Friday, July 17, 2009

Dream a Little Dream

As promised, some additional highlights from the Fall 2009 Couture shows last week in Paris. I love the couture collections – it is all so utterly unattainable that it makes it much easier to simply enjoy the work for its own sake. Click to enlarge for a closer look at some of the jaw-dropping details.

Chanel. Karl Lagerfeld demonstrates why he deserves his crown.


Elie Saab.
So pretty I can't quite bring myself to care whether he bit Karl.

Jean Paul Gaultier

Valentino. I completely disagree with Cathy Horyn on this one
I'd love to stand next to anyone wearing one of these creations.

Christian Lacroix. Very likely the last couture show from Lacroix,
whose house declared bankruptcy this spring,
and a true community effort:
seamstresses, embroiderers and milliners donated their time;
Ines de la Fressange and Bruno Frisoni of Roger Vivier and
Diego della Valle contributed shoes;
and the models walked for 50 euros each.

You Got To Have It

Some cool images from Soul Power, a new documentary about the Zaire '74 music festival pieced together from extensive outtakes that went unused in the making of Rumble in the Jungle.

More info and images: T

You Are Downtown

At Purple Diary, Glenn O'Brien on Dash Snow.
Dash was a beautiful person and a genuine artist. A lot of people didn’t get the genuine part because to them he was a gossip star, all image. But he was the real thing, and sometimes his real was so in your face that people thought it must have been an act. It was an act, of course, but it was a real act. When you live in a world that’s inside a television there are no other options. But Dash and some of his friends were re-inventing what it is to be an artist, because that’s something every generation has to do. They had gotten the lay of the land and were responding accordingly.
Read the whole thing here.

Old Records in My Crib

This seems like a good one for summer –
Casanova (aka Les Baxter) Psyched Out mp3
from the original soundtrack to All the Loving Couples

It's late Saturday afternoon, you've been out in the sun all day, you've got a sweaty highball glass full of something, and stuff starts to go a little sideways.


Original Pirate Material

From The Seattle Times: Gabriel Campanario's sketch of our friend Rusty Harper leading the Seafair Pirates as they storm Alki Beach, kicking off Seattle's 60th Seafair celebration.

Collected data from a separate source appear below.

(* Let $\mathcal{X}$ be a fuzzy random variable with values in $\mathcal{F}_c(\mathbb{R})$ such that $\mathrm{E}[\|\mathcal{X}_0\|]<\infty$. Then $\mathrm{Med}_1(\mathcal{X})=\mathrm{Med}_s(\mathcal{X})$; that is, a fuzzy set $U\in\mathcal{F}_c(\mathbb{R})$ minimizes $\mathrm{E}[\rho_1(U,\mathcal{X})]$ over $\mathcal{F}_c(\mathbb{R})$ if and only if $s_U(u,\alpha)$ is a median of the real random variable $s_{\mathcal{X}}(u,\alpha)$ for every $u\in\{-1,1\}$ and every $\alpha\in[0,1]$.
   Context: $\mathcal{F}_c(\mathbb{R})$ is the set of functions $A:\mathbb{R}\to[0,1]$ whose $\alpha$-levels $A_\alpha=\{x:A(x)\ge\alpha\}$ ($\alpha\in(0,1]$) and $A_0=\overline{\{x:A(x)>0\}}$ are non-empty compact intervals. Support function: $s_A(u,\alpha)=\sup\{uv:v\in A_\alpha\}$, $u\in\{-1,1\}$, $\alpha\in[0,1]$. A fuzzy random variable on $(\Omega,\mathcal{A},\mathbb{P})$ is a map $\mathcal{X}:\Omega\to\mathcal{F}_c(\mathbb{R})$ with each $\omega\mapsto\mathcal{X}(\omega)_\alpha$ a random compact set; $s_{\mathcal{X}}(u,\alpha)(\omega)=s_{\mathcal{X}(\omega)}(u,\alpha)$ is then a real random variable; $\|\mathcal{X}_0\|=\sup\{|x|:x\in\mathcal{X}(\cdot)_0\}$. $\rho_1(A,B)=\int_{\{-1,1\}}\int_0^1|s_A(u,\alpha)-s_B(u,\alpha)|\,d\alpha\,d\mathcal{V}(u)$, $\mathcal{V}$ uniform on $\{-1,1\}$. $\mathrm{Med}_1(\mathcal{X})=\arg\min_{U\in\mathcal{F}_c(\mathbb{R})}\mathrm{E}[\rho_1(U,\mathcal{X})]$. For a real random variable $X$, $\mathrm{Med}(X)$ is the set of all its medians. $\mathrm{Med}_s(\mathcal{X})$ (support medians) is the set of $A\in\mathcal{F}_c(\mathbb{R})$ with $s_A(u,\alpha)\in\mathrm{Med}(s_{\mathcal{X}}(u,\alpha))$ for all $u\in\{-1,1\}$, $\alpha\in[0,1]$. *)

theory Defs
  imports "HOL-Probability.Probability"
begin

text \<open>Fuzzy sets on the reals are membership functions real \<Rightarrow> real.\<close>

definition is_compact_interval :: "real set \<Rightarrow> bool" where
  "is_compact_interval S \<longleftrightarrow> (\<exists>a b. a \<le> b \<and> S = {a..b})"

definition flevel :: "(real \<Rightarrow> real) \<Rightarrow> real \<Rightarrow> real set" where
  "flevel A \<alpha> = (if \<alpha> = 0 then closure {x. A x > 0} else {x. \<alpha> \<le> A x})"
(* Let $G_1,G_2$ be finite connected biregular bipartite graphs, each with an ordered bipartition (left part, right part). Then $\lambda_2(G_1\circledast G_2)=\max\{\lambda_2(G_1),\lambda_2(G_2)\}$.
   Context: A bipartite graph with ordered parts $(L,R)$ is biregular if all vertices of $L$ have a common degree and all vertices of $R$ have a common degree. For 2-partite graphs $G_1=((V_1^1,V_1^2),E_1)$ and $G_2=((V_2^1,V_2^2),E_2)$, the partite product $G_1\circledast G_2$ has ordered parts $(V_1^1\times V_2^1,\ V_1^2\times V_2^2)$, and $(a,b)\in V_1^1\times V_2^1$ is adjacent to $(c,d)\in V_1^2\times V_2^2$ iff $\{a,c\}\in E_1$ and $\{b,d\}\in E_2$. For a graph $G$, $T_G(v,u)=1/\deg(v)$ if $\{u,v\}$ is an edge and $0$ otherwise (transition matrix for the uniform distribution on edges), and $\lambda_2(G)$ is the second largest eigenvalue of $T_G$, counted with multiplicity. *)

theory Defs
  imports "HOL-Computational_Algebra.Polynomial" "HOL-Combinatorics.Permutations"
          "HOL-Library.Multiset"
begin

record ('a, 'b) bigraph =
  lpart :: "'a set"
  rpart :: "'b set"
  edge  :: "'a \<Rightarrow> 'b \<Rightarrow> bool"

definition verts :: "('a, 'b) bigraph \<Rightarrow> ('a + 'b) set" where
  "verts G = lpart G <+> rpart G"

fun adj :: "('a, 'b) bigraph \<Rightarrow> 'a + 'b \<Rightarrow> 'a + 'b \<Rightarrow> bool" where
  "adj G (Inl a) (Inr b) = edge G a b"
| "adj G (Inr b) (Inl a) = edge G a b"
| "adj G _ _ = False"

definition wf_bigraph :: "('a, 'b) bigraph \<Rightarrow> bool" where
  "wf_bigraph G \<longleftrightarrow> finite (lpart G) \<and> finite (rpart G) \<and>
     (\<forall>a b. edge G a b \<longrightarrow> a \<in> lpart G \<and> b \<in> rpart G)"

definition degree :: "('a, 'b) bigraph \<Rightarrow> 'a + 'b \<Rightarrow> nat" where
  "degree G v = card {u \<in> verts G. adj G v u}"

definition biregular :: "('a, 'b) bigraph \<Rightarrow> bool" where
  "biregular G \<longleftrightarrow>
     (\<exists>d. \<forall>a \<in> lpart G. degree G (Inl a) = d) \<and>
     (\<exists>d. \<forall>b \<in> rpart G. degree G (Inr b) = d)"

definition connected_bigraph :: "('a, 'b) bigraph \<Rightarrow> bool" where
  "connected_bigraph G \<longleftrightarrow>
     (\<forall>u \<in> verts G. \<forall>v \<in> verts G.
        (\<lambda>x y. x \<in> verts G \<and> y \<in> verts G \<and> adj G x y)\<^sup>*\<^sup>* u v)"

definition partite_product ::
  "('a, 'b) bigraph \<Rightarrow> ('c, 'd) bigraph \<Rightarrow> ('a \<times> 'c, 'b \<times> 'd) bigraph" where
  "partite_product G1 G2 =
     \<lparr> lpart = lpart G1 \<times> lpart G2, rpart = rpart G1 \<times> rpart G2,
       edge = (\<lambda>(a, b) (c, d). edge G1 a c \<and> edge G2 b d) \<rparr>"

definition transition :: "('a, 'b) bigraph \<Rightarrow> 'a + 'b \<Rightarrow> 'a + 'b \<Rightarrow> real" where
  "transition G v u = (if adj G v u then 1 / real (degree G v) else 0)"

definition det_on :: "'i set \<Rightarrow> ('i \<Rightarrow> 'i \<Rightarrow> 'r::comm_ring_1) \<Rightarrow> 'r" where
  "det_on V A = (\<Sum>p | p permutes V. of_int (sign p) * (\<Prod>i\<in>V. A i (p i)))"

definition charpoly_on :: "'i set \<Rightarrow> ('i \<Rightarrow> 'i \<Rightarrow> real) \<Rightarrow> real poly" where
  "charpoly_on V M = det_on V (\<lambda>i j. (if i = j then [:0, 1:] else 0) - [:M i j:])"

definition eigenvalues_desc :: "'i set \<Rightarrow> ('i \<Rightarrow> 'i \<Rightarrow> real) \<Rightarrow> real list" where
  "eigenvalues_desc V M = rev (sorted_list_of_multiset (proots (charpoly_on V M)))"

definition lambda2 :: "('a, 'b) bigraph \<Rightarrow> real" where
  "lambda2 G = eigenvalues_desc (verts G) (transition G) ! 1"

end

theory Submission
  imports Defs "Jordan_Normal_Form.Schur_Decomposition"
begin

text \<open>
  List the left part before the right one. Then the transition matrix of a bipartite graph is a
  block matrix \<open>T = [[0, P], [Q, 0]]\<close>, and a Schur complement computation gives
  \<open>x ^ card L * \<chi>\<^sub>T(x) = x ^ card R * \<chi>\<^sub>W(x\<^sup>2)\<close> for the two-step walk \<open>W = P Q\<close> on the
  left part. When the left part is regular, \<open>W = B B\<^sup>T\<close> is a row-stochastic Gram matrix, so
  its eigenvalues lie in \<open>[0, 1]\<close> and include 1. Hence the spectrum of \<open>T\<close> consists of the
  numbers \<open>\<plusminus>sqrt \<mu>\<close> for the eigenvalues \<open>\<mu>\<close> of \<open>W\<close>, completed by zeros, and \<open>\<lambda>\<^sub>2(G)\<close> is the
  square root of the largest eigenvalue of \<open>W\<close> that is left after removing one copy of 1 (or 0
  if there is none), except for a single edge, whose spectrum is \<open>{1, -1}\<close>.

  The two-step walk of \<open>G\<^sub>1 \<circledast> G\<^sub>2\<close> is the Kronecker product of those of \<open>G\<^sub>1\<close> and \<open>G\<^sub>2\<close>, so
  its eigenvalues are the products \<open>\<mu> \<nu>\<close>. As they all lie in \<open>[0, 1]\<close>, removing the product
  \<open>1 \<cdot> 1\<close> leaves the largest eigenvalue \<open>max \<mu>\<^sub>2 \<nu>\<^sub>2\<close>.
\<close>

section \<open>Determinants over finite index sets\<close>

definition conj_perm :: "('a \<Rightarrow> 'b) \<Rightarrow> ('b \<Rightarrow> 'a) \<Rightarrow> 'b set \<Rightarrow> ('a \<Rightarrow> 'a) \<Rightarrow> 'b \<Rightarrow> 'b" where
  "conj_perm g g' B p = (\<lambda>y. if y \<in> B then g (p (g' y)) else y)"

lemma conj_perm_permutes:
  assumes "finite A" and "bij_betw g A B" and "\<And>x. x \<in> A \<Longrightarrow> g' (g x) = x"
    and "p permutes A"
  shows "conj_perm g g' B p permutes B" and "sign (conj_perm g g' B p) = sign p"
proof -
  interpret permutes_bij_finite p A B g g' "conj_perm g g' B p"
    by unfold_locales (use assms in \<open>auto simp: conj_perm_def\<close>)
  show "conj_perm g g' B p permutes B" and "sign (conj_perm g g' B p) = sign p"
    by (fact permutes_p' sign_p')+
qed

lemma det_on_reindex:
  assumes "finite A" and g: "bij_betw g A B"
  shows "det_on A (\<lambda>i j. M (g i) (g j)) = det_on B M"
proof -
  define g' where "g' = inv_into A g"
  have g'g: "g' (g x) = x" if "x \<in> A" for x
    using bij_betw_inv_into_left[OF g that] by (simp add: g'_def)
  have gg': "g (g' y) = y" if "y \<in> B" for y
    using bij_betw_inv_into_right[OF g that] by (simp add: g'_def)
  have "finite B" and g': "bij_betw g' B A"
    using assms bij_betw_finite bij_betw_inv_into by (auto simp: g'_def)
  have to_B: "conj_perm g g' B p permutes B \<and> sign (conj_perm g g' B p) = sign p"
    if "p permutes A" for p
    using conj_perm_permutes[OF \<open>finite A\<close> g _ that] g'g by blast
  show ?thesis
    unfolding det_on_def
  proof (rule sum.reindex_bij_witness[where i = "conj_perm g' g A" and j = "conj_perm g g' B"],
      goal_cases)
    case (1 p)
    then show ?case using permutes_in_image[of p A] permutes_not_in[of p A] g'g bij_betwE[OF g]
      by (auto simp: conj_perm_def fun_eq_iff)
  next
    case (2 p)
    then show ?case using to_B by simp
  next
    case (3 q)
    then show ?case using permutes_in_image[of q B] permutes_not_in[of q B] gg' bij_betwE[OF g']
      by (auto simp: conj_perm_def fun_eq_iff)
  next
    case (4 q)
    then show ?case using conj_perm_permutes(1)[OF \<open>finite B\<close> g', of g q] gg' by auto
  next
    case (5 p)
    then have p: "p permutes A" by simp
    have "(\<Prod>y\<in>B. M y (conj_perm g g' B p y)) = (\<Prod>x\<in>A. M (g x) (conj_perm g g' B p (g x)))"
      by (rule prod.reindex_bij_betw[OF g, symmetric])
    also have "\<dots> = (\<Prod>x\<in>A. M (g x) (g (p x)))"
      using g'g bij_betwE[OF g] by (intro prod.cong) (auto simp: conj_perm_def)
    finally show ?case using to_B[OF p] by simp
  qed
qed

I used to go nuts for Seafair when I was a kid (the Torchlight Parade, the Blue Angels, Hydroplane races) and I'm excited to be in Seattle for it again.

Get more info and make a tax deductible donation to the Seafair Pirates here.

Your Weekly Mr. Littlejeans


Thursday, July 16, 2009

Why Don't You Say What's
Really on Your Mind

Louise Wilson, director of the M.A. program
at Central Saint Martins.
Photo by Greg Kessler, courtesy

This post has been up at Cathy Horyn's blog since last week, but it's well worth a read if you haven't already. Cathy reports on her recent conversation about the current and future state of fashion with Louise Wilson, the course director for the Master's program at London's Central Saint Martins (the school responsible for turning out Alexander McQueen, Hussein Chalayan, Stella McCartney, and numerous other designers).

Among the stinging insights Wilson offers:
There are immensely talented people around but I feel huge vortexes of them are sucked into this mediocre world where nobody criticizes and it’s all terribly politically correct. Even journalists are the same. You now hardly get a bad a review. In their mind the journalists are supporting the industry, so they don’t want to dish it. For me it’s that banality of what is youth. Even the way they put themselves together. Again, today, I was interviewing people for the MA program, and I said, “Why are you dressed like Topman?” Maybe it is a Miu Miu shirt, but essentially it’s Topman. It’s got no individuality at all. You’ve not stretched the neck of the T-shirt. You’ve not denoted your uniform. You’re not even wearing non-fashion. You’re not even saying that. You’re saying nothing....I have come to the viewpoint that nothing is happening. That’s why straight men now look gayer than gay men. I ask the students why that is, and they look at me like I’m mad. It’s that blurring of the lines, the stripping down. They take no risks about anything, not even the way they go up against the industry or show their clothes. It’s all about being professional.
I think the problem is that fashion has become too fashionable. For years, fashion wasn’t fashionable. Today fashion is so fashionable that it’s almost embarrassing to say you’re part of fashion. All the parodies of it. All the dreadful magazines. That has destroyed it as well, because everybody thinks fashion is attainable....It might be very good for fashion if fashion goes out of fashion, and maybe nothing does happen for awhile and a few companies shut down. When the light turns away that’s when the new work will be done.
Read the full post here.

The Third Place

Sarah Stolfa Joanna O'Malley, 2005

Sarah Stolfa's series of photos depicting patrons of McGlinchey's, one of the oldest neighborhood taverns in Philadelphia, was first shown at Gallery 339 in Philly, and have now been collected in a book, The Regulars, with an introduction by Jonathan Franzen.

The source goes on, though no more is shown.